Dave Brigante’s Weblog

Victoria Water Lilies June Update

June 16, 2008 · No Comments

This entry will be a crucial one for the longevity of the victorias summer growth cycle. The choices that are made at this point can either create a continuous growth spurt for the full length of the summer season or create a situation where you will have to tranplant one last time or just live with the size of plant that your particular little potted ecosystem will allow for.

The size of your growing space is always a consideration. It is said to grow victorias one usually should have at least a 10′x10′ growing dimension, yet if you do not give them a very large pot or lots of fertilizer you can get away with a smaller area. I use 23″wx10″deep pots to grow the babies into adult stage here at the nursery. Iv’e always thought that if I were to have more trough width, depth and if I were to use a larger pot I could create even larger plants than the 5′ dia. leafed plants that I seem to have topped out at. Using a 16″wx7″deep pot can easily get a plant to attain at least 3′ diameter leaves, which really is quite large compared to your average water lily, plus it can also bloom throughout the warm growing season just like a larger plant would. This pot size is much more manageable than the big ones that I use, but if you have the space,depth and a good sunny warm place the thrill of growing the huge leaves and flowers is sensational.
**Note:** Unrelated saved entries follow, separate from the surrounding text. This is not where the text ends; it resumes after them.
lemma skeleton_reaches:
  assumes "(madj Ehat)\<^sup>*\<^sup>* x0 x" and "x0 \<in> VC"
  shows "(madj skeleton)\<^sup>*\<^sup>* x0 (if x \<in> VC then x else rep x)"
  using assms(1)
proof (induction rule: rtranclp_induct)
  case (step y z)
  have e: "{y, z} \<in># Ehat" using step(2) .
  consider "y \<in> VC" "z \<in> VC" | "y \<in> VC" "z \<notin> VC" | "y \<notin> VC" "z \<in> VC"
    using edge_cases[OF edge_E[OF e], of y] by (auto simp: doubleton_eq_iff)
  then have "madj skeleton (if y \<in> VC then y else rep y) (if z \<in> VC then z else rep z)"
  proof cases
    case 3
    have "{z, y} \<in># Ehat" using e by (simp add: insert_commute)
    from skeleton_edge_rep[OF this 3(2,1)] 3 show ?thesis by (simp add: insert_commute)
  qed (use skeleton_edge_VC[OF e] skeleton_edge_rep[OF e] in simp_all)
  with step(3) show ?case by (rule rtranclp.rtrancl_into_rtrancl)
qed (use assms(2) in simp)

lemma skeleton_connects_VC:
  assumes "mconnected Ehat" and "a \<in> mverts Ehat \<inter> VC" and "b \<in> mverts Ehat \<inter> VC"
  shows "(madj skeleton)\<^sup>*\<^sup>* a b"
proof -
  have "(madj Ehat)\<^sup>*\<^sup>* a b"
    using assms(1) IntD1[OF assms(2)] IntD1[OF assms(3)] unfolding mconnected_def graph_connected_def
    by blast
  from skeleton_reaches[OF this IntD2[OF assms(2)]] show ?thesis using IntD2[OF assms(3)] by simp
qed

lemma mconnected_if_skeleton_subset:
  assumes "mconnected Ehat" and "skeleton \<subseteq># CC" and "CC \<subseteq># Ehat"
  shows "mconnected CC"
proof -
  have "madj skeleton \<le> madj CC" using mset_subset_eqD[OF assms(2)] by (intro predicate2I)
  then have VC_conn: "(madj CC)\<^sup>*\<^sup>* a b" if "a \<in> mverts Ehat \<inter> VC" "b \<in> mverts Ehat \<inter> VC" for a b
    using skeleton_connects_VC[OF assms(1) that] by (rule rtranclp_mono[THEN predicate2D])
  have near_VC: "\<exists>a \<in> mverts Ehat \<inter> VC. (madj CC)\<^sup>*\<^sup>* a x" if x: "x \<in> mverts CC" for x
  proof -
    obtain e where e: "e \<in># CC" "x \<in> e" using x unfolding mverts_def by auto
    have "e \<in># Ehat" using mset_subset_eqD[OF assms(3) e(1)] .
    then obtain z where z: "e = {x, z}" "x \<in> VC \<or> z \<in> VC" using edge_cases[OF edge_E e(2)] by metis
    have "x \<in> mverts Ehat" "z \<in> mverts Ehat" using \<open>e \<in># Ehat\<close> z(1) unfolding mverts_def by auto
    moreover have "(madj CC)\<^sup>*\<^sup>* z x"
      using e(1) z(1) by (intro r_into_rtranclp) (simp add: insert_commute)
    ultimately show ?thesis using z(2) by (meson IntI rtranclp.rtrancl_refl)
  qed
  show ?thesis unfolding mconnected_def graph_connected_def
  proof (intro ballI)
    fix x y assume "x \<in> mverts CC" "y \<in> mverts CC"
    with near_VC obtain a b where ab: "a \<in> mverts Ehat \<inter> VC" "b \<in> mverts Ehat \<inter> VC"
      and a_x: "(madj CC)\<^sup>*\<^sup>* a x" and b_y: "(madj CC)\<^sup>*\<^sup>* b y" by meson
    have "(madj CC)\<^sup>*\<^sup>* x a" using a_x by (rule madj_rtranclp_sym)
    also have "(madj CC)\<^sup>*\<^sup>* a b" using ab by (rule VC_conn)
    also note b_y
    finally show "(madj CC)\<^sup>*\<^sup>* x y" .
  qed
qed

lemma VC_vertices_if_skeleton_subset:
  assumes "skeleton \<subseteq># CC" and "CC \<subseteq># Ehat"
  shows "mverts CC \<inter> VC = mverts Ehat \<inter> VC"
  using mverts_mono[OF assms(1)] mverts_mono[OF assms(2)] VC_vertex_in_skeleton by blast

definition four_cycle_split :: "'a set multiset \<Rightarrow> 'a list multiset \<Rightarrow> bool" where
  "four_cycle_split CC Cs \<longleftrightarrow> skeleton \<subseteq># CC \<and> CC + \<Sum>\<^sub># (image_mset cyc_edges Cs) = Ehat \<and>
     (\<forall>C\<in>#Cs. is_cycle_in Ehat C \<and> cyc_len C = 4) \<and> all_even_deg CC"

definition minimal_four_cycle_split :: "'a set multiset \<Rightarrow> 'a list multiset \<Rightarrow> bool" where
  "minimal_four_cycle_split CC Cs \<longleftrightarrow> four_cycle_split CC Cs \<and>
     (\<forall>CC' Cs'. four_cycle_split CC' Cs' \<longrightarrow> size CC \<le> size CC')"

lemma four_cycle_split_Ehat: "all_even_deg Ehat \<Longrightarrow> four_cycle_split Ehat {#}"
  unfolding four_cycle_split_def skeleton_def by simp

lemma four_cycle_split_subset: "four_cycle_split CC Cs \<Longrightarrow> CC \<subseteq># Ehat"
  unfolding four_cycle_split_def by (metis mset_subset_eq_add_left)

lemma ex_minimal_four_cycle_split:
  assumes "all_even_deg Ehat"
  obtains CC Cs where "minimal_four_cycle_split CC Cs"
proof -
  obtain p where "four_cycle_split (fst p) (snd p)"
    "\<forall>q. four_cycle_split (fst q) (snd q) \<longrightarrow> size (fst p) \<le> size (fst q)"
    using ex_has_least_nat[of "\<lambda>p. four_cycle_split (fst p) (snd p)" "(Ehat, {#})" "\<lambda>p. size (fst p)"]
      four_cycle_split_Ehat[OF assms] by auto
  then have "minimal_four_cycle_split (fst p) (snd p)"
    unfolding minimal_four_cycle_split_def by (metis fst_conv snd_conv)
  then show ?thesis using that by blast
qed

text \<open>The cover vertices \<open>a\<close> and \<open>b\<close> may coincide; the closed walk then uses \<open>{a, u}\<close> and
  \<open>{a, w}\<close> twice each. It is still a cycle in the sense of \<open>is_cycle_in\<close>, and being of length 4
  it need not be simple.\<close>
lemma four_cycle_split_remove:
  assumes split: "four_cycle_split CC Cs"
    and u: "u \<in> nonreps" and w: "w \<in> nonreps" and "u \<noteq> w" and a: "a \<in> VC" and b: "b \<in> VC"
    and su: "{#{a, u}, {u, b}#} \<subseteq># CC" and sw: "{#{a, w}, {w, b}#} \<subseteq># CC"
  shows "four_cycle_split (CC - cyc_edges [a, u, b, w, a]) (add_mset [a, u, b, w, a] Cs)"
    and "size (CC - cyc_edges [a, u, b, w, a]) < size CC"
proof -
  let ?X = "cyc_edges [a, u, b, w, a]"
  have "u \<notin> VC" "w \<notin> VC" using u w unfolding nonreps_def by auto
  then have distinct: "a \<noteq> u" "a \<noteq> w" "b \<noteq> u" "b \<noteq> w" "u \<noteq> w" using a b \<open>u \<noteq> w\<close> by auto
  have "{#{a, u}, {u, b}#} \<subseteq># CC - {#{b, w}, {w, a}#}"
    using su distinct by (intro subset_mset_diff_if_disjoint) (auto simp: doubleton_eq_iff)
  moreover have "{#{b, w}, {w, a}#} \<subseteq># CC" using sw by (simp add: insert_commute add_mset_commute)
  ultimately have "{#{a, u}, {u, b}#} + {#{b, w}, {w, a}#} \<subseteq># CC"
    by (simp add: subset_mset.le_diff_conv2)
  then have X: "?X \<subseteq># CC" by (simp add: cyc_edges_four add_mset_commute)
  have "skeleton \<subseteq># CC - ?X"
    using split u w unfolding four_cycle_split_def cyc_edges_four
    by (intro subset_mset_diff_if_disjoint) (auto simp: skeleton_def)
  moreover have "CC - ?X + \<Sum>\<^sub># (image_mset cyc_edges (add_mset [a, u, b, w, a] Cs)) = Ehat"
    using split X unfolding four_cycle_split_def by (simp add: add.assoc[symmetric])
  moreover have "is_cycle_in Ehat [a, u, b, w, a]"
    using is_cycle_in_four X four_cycle_split_subset[OF split] unfolding cyc_edges_four
    by (meson subset_mset.order_trans)
  moreover have "even (mdeg (CC - ?X) v)" for v
  proof -
    have "even (mdeg ?X v)" unfolding cyc_edges_four using distinct by (rule even_mdeg_four)
    moreover have "even (mdeg CC v)" using split unfolding four_cycle_split_def all_even_deg_iff by blast
    moreover have "mdeg ?X v \<le> mdeg CC v"
      unfolding mdeg_def by (rule size_mset_mono[OF multiset_filter_mono[OF X]])
    ultimately show ?thesis using mdeg_diff[OF X, of v] by auto
  qed
  ultimately show "four_cycle_split (CC - ?X) (add_mset [a, u, b, w, a] Cs)"
    using split unfolding four_cycle_split_def all_even_deg_iff by (simp add: cyc_len_def)
  show "size (CC - ?X) < size CC"
    using size_Diff_submset[OF X] size_mset_mono[OF X] by (simp add: cyc_edges_four)
qed

lemma minimal_four_cycle_split_no_twins:
  assumes "minimal_four_cycle_split CC Cs"
    and "u \<in> nonreps" and "w \<in> nonreps" and "a \<in> VC" and "b \<in> VC"
    and "{#{a, u}, {u, b}#} \<subseteq># CC" and "{#{a, w}, {w, b}#} \<subseteq># CC"
  shows "u = w"
proof (rule ccontr)
  assume "u \<noteq> w"
  note smaller = four_cycle_split_remove[of CC Cs u w a b]
  show False
    using assms smaller \<open>u \<noteq> w\<close> unfolding minimal_four_cycle_split_def by (meson not_le)
qed

lemma card_nonreps_minimal_four_cycle_split:
  assumes split: "minimal_four_cycle_split CC Cs"
  shows "card (nonreps \<inter> mverts CC) \<le> card VC ^ 2"
proof -
  define nbr_pair where "nbr_pair w =
      (SOME p. fst p \<in> VC \<and> snd p \<in> VC \<and> {#{fst p, w}, {w, snd p}#} \<subseteq># CC)" for w
  have nbr_pair: "fst (nbr_pair w) \<in> VC \<and> snd (nbr_pair w) \<in> VC \<and>
      {#{fst (nbr_pair w), w}, {w, snd (nbr_pair w)}#} \<subseteq># CC" if w: "w \<in> nonreps \<inter> mverts CC" for w
  proof -
    have "w \<notin> VC" using w unfolding nonreps_def by auto
    have "even (mdeg CC w)"
      using split unfolding minimal_four_cycle_split_def four_cycle_split_def all_even_deg_iff by blast
    moreover have "w \<in> mverts CC" using w by blast
    ultimately obtain x y where xy: "{#x, y#} \<subseteq># CC" "w \<in> x" "w \<in> y"
      by (rule two_edges_at_even_vertex)
    have "CC \<subseteq># Ehat"
      using split four_cycle_split_subset unfolding minimal_four_cycle_split_def by blast
    then have "x \<in># Ehat" "y \<in># Ehat" using xy(1) by (auto dest: mset_subset_eqD)
    obtain a where a: "a \<in> VC" "x = {w, a}"
      using edge_at_independent[OF edge_E[OF \<open>x \<in># Ehat\<close>] xy(2) \<open>w \<notin> VC\<close>] .
    obtain b where b: "b \<in> VC" "y = {w, b}"
      using edge_at_independent[OF edge_E[OF \<open>y \<in># Ehat\<close>] xy(3) \<open>w \<notin> VC\<close>] .
    have "{#{a, w}, {w, b}#} \<subseteq># CC" using xy(1) a b by (simp add: insert_commute)
    then have "\<exists>p. fst p \<in> VC \<and> snd p \<in> VC \<and> {#{fst p, w}, {w, snd p}#} \<subseteq># CC"
      using a(1) b(1) by (intro exI[of _ "(a, b)"]) simp
    from someI_ex[OF this] show ?thesis unfolding nbr_pair_def .
  qed
  have "inj_on nbr_pair (nonreps \<inter> mverts CC)"
  proof (rule inj_onI)
    fix x y assume x: "x \<in> nonreps \<inter> mverts CC" and y: "y \<in> nonreps \<inter> mverts CC"
      and "nbr_pair x = nbr_pair y"
    then show "x = y"
      using minimal_four_cycle_split_no_twins[OF split, of x y "fst (nbr_pair x)" "snd (nbr_pair x)"]
        nbr_pair[OF x] nbr_pair[OF y] by simp
  qed
  moreover have "nbr_pair ` (nonreps \<inter> mverts CC) \<subseteq> VC \<times> VC"
  proof (rule image_subsetI)
    fix w assume "w \<in> nonreps \<inter> mverts CC"
    then show "nbr_pair w \<in> VC \<times> VC" using nbr_pair[of w] by (simp add: mem_Times_iff)
  qed
  ultimately have "card (nonreps \<inter> mverts CC) \<le> card (VC \<times> VC)"
    using finite_cartesian_product[OF finite_VC finite_VC] by (rule card_inj_on_le)
  then show ?thesis by (simp add: card_cartesian_product power2_eq_square)
qed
The pictures that coincide with this text illustrate my transplanting my wintered over Longwood Hybrid lily that has been shown in previous entries. The enormous size that it did attain even in a 10″wx7″d pot was incredible.Then I move on to pot up a more traditional 5.5″ pot grown lily into the larger pots as well.

The soil I use is pure sandy loam that I get from our soil supplier, very inert, the lilies do not want to have a lot of organic matter in their pots as is also true for most waterlilies.I fill my pots up a 3rd of the way and then mix in Landon granular slow release fertilizer that I get from the Plantabbs sp? aquatic fertilzer company. The idea is to mix the fertilizer in the bottom third and as the lily grows a bit more it will reach down into the soil and begin to take up the nutrients without being burned from too much too soon.I use 20-25 oz. per tub,but for the species, Amazonica and Cruziana I use the lower amount for sure as they seem to resent the fertilizer blast a bit more. The good part about this system is that you can get about 60 days of growth out of this one feeding thus making life a lot easier considering these jewels of the Amazon do require lots of food to flourish. Now, my growing environment is very controlled, the night time temp. doesn’t drop below 75-78 degrees so if you are growing outside the fert may last a bit longer and you could probably get away with using less. Now here is the change from my past growing practices, after hearing about the 6′ leaves that they are getting out at the Sarah Duke Gardens from my friend Tamara Kilbane I decided to try their method of also putting in pondtabbs in the lower third of the soil strata along with the granular. So far so good, the tranplanted LW is getting huge without any signs of being burned.I put 10 in the species pots and 15 into the hybrids. At this point I have pretty much planted up all the big pots for the summer (12-13) and they all seem to be doing fine.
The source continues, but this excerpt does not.